All lines in the data that hold the word "assms" need copying.
◇ ◇ ◇ ◇
lemma bdd_below_image_Icc_add_mono:
  fixes h fc w :: "real \<Rightarrow> real"
  assumes "continuous_on {0..} fc" "mono_on {0..} w" "\<And>r. 0 \<le> r \<Longrightarrow> h r = fc r + w r"
  shows "bdd_below (h ` {0..t})"
proof -
  obtain L where L: "\<forall>s\<in>{0..t}. L \<le> fc s"
    using bdd_below_image_Icc_if_continuous[OF assms(1), of t] unfolding bdd_below_def by auto
  show ?thesis
  proof (rule bdd_belowI2)
    fix s assume s: "s \<in> {0..t}"
    then have "w 0 \<le> w s" "L \<le> fc s" using assms(2) L by (auto simp: mono_on_def)
    then show "L + w 0 \<le> h s" using s assms(3)[of s] by auto
  qed
qed

lemma regulator_upper:
  assumes "bdd_below (h ` {0..t})" "s \<in> {0..t}"
  shows "max 0 (- h s) \<le> regulator h t"
proof -
  obtain L where "\<forall>s\<in>{0..t}. L \<le> h s" using assms(1) unfolding bdd_below_def by auto
  then have "bdd_above ((\<lambda>s. max 0 (- h s)) ` {0..t})"
    by (intro bdd_aboveI2[where M="max 0 (- L)"]) force
  then show ?thesis unfolding regulator_def by (rule cSup_upper[rotated]) (use assms(2) in auto)
qed

lemma regulator_least:
  assumes "0 \<le> t" "\<And>s. s \<in> {0..t} \<Longrightarrow> max 0 (- h s) \<le> M"
  shows "regulator h t \<le> M"
  unfolding regulator_def by (rule cSup_least) (use assms in auto)

lemma regulator_nonneg: "bdd_below (h ` {0..t}) \<Longrightarrow> 0 \<le> t \<Longrightarrow> 0 \<le> regulator h t"
  using regulator_upper[of h t 0] by auto

lemma add_regulator_nonneg: "bdd_below (h ` {0..t}) \<Longrightarrow> 0 \<le> t \<Longrightarrow> 0 \<le> h t + regulator h t"
  using regulator_upper[of h t t] by auto

lemma regulator_0: "0 \<le> h 0 \<Longrightarrow> regulator h 0 = 0"
  unfolding regulator_def by simp

lemma regulator_mono:
  assumes "bdd_below (h ` {0..t})" "0 \<le> s" "s \<le> t"
  shows "regulator h s \<le> regulator h t"
proof (rule regulator_least)
  show "max 0 (- h r) \<le> regulator h t" if "r \<in> {0..s}" for r
    using regulator_upper[OF assms(1), of r] that assms(3) by simp
qed (use assms in simp)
◇ ◇ ◇ ◇
Response box
    using bdd_below_image_Icc_if_continuous[OF assms(1), of t] unfolding bdd_below_def by auto
    then have "w 0 \<le> w s" "L \<le> fc s" using assms(2) L by (auto simp: mono_on_def)
    then show "L + w 0 \<le> h s" using s assms(3)[of s] by auto
  obtain L where "\<forall>s\<in>{0..t}. L \<le> h s" using assms(1) unfolding bdd_below_def by auto
  then show ?thesis unfolding regulator_def by (rule cSup_upper[rotated]) (use assms(2) in auto)
  unfolding regulator_def by (rule cSup_least) (use assms in auto)
    using regulator_upper[OF assms(1), of r] that assms(3) by simp
qed (use assms in simp)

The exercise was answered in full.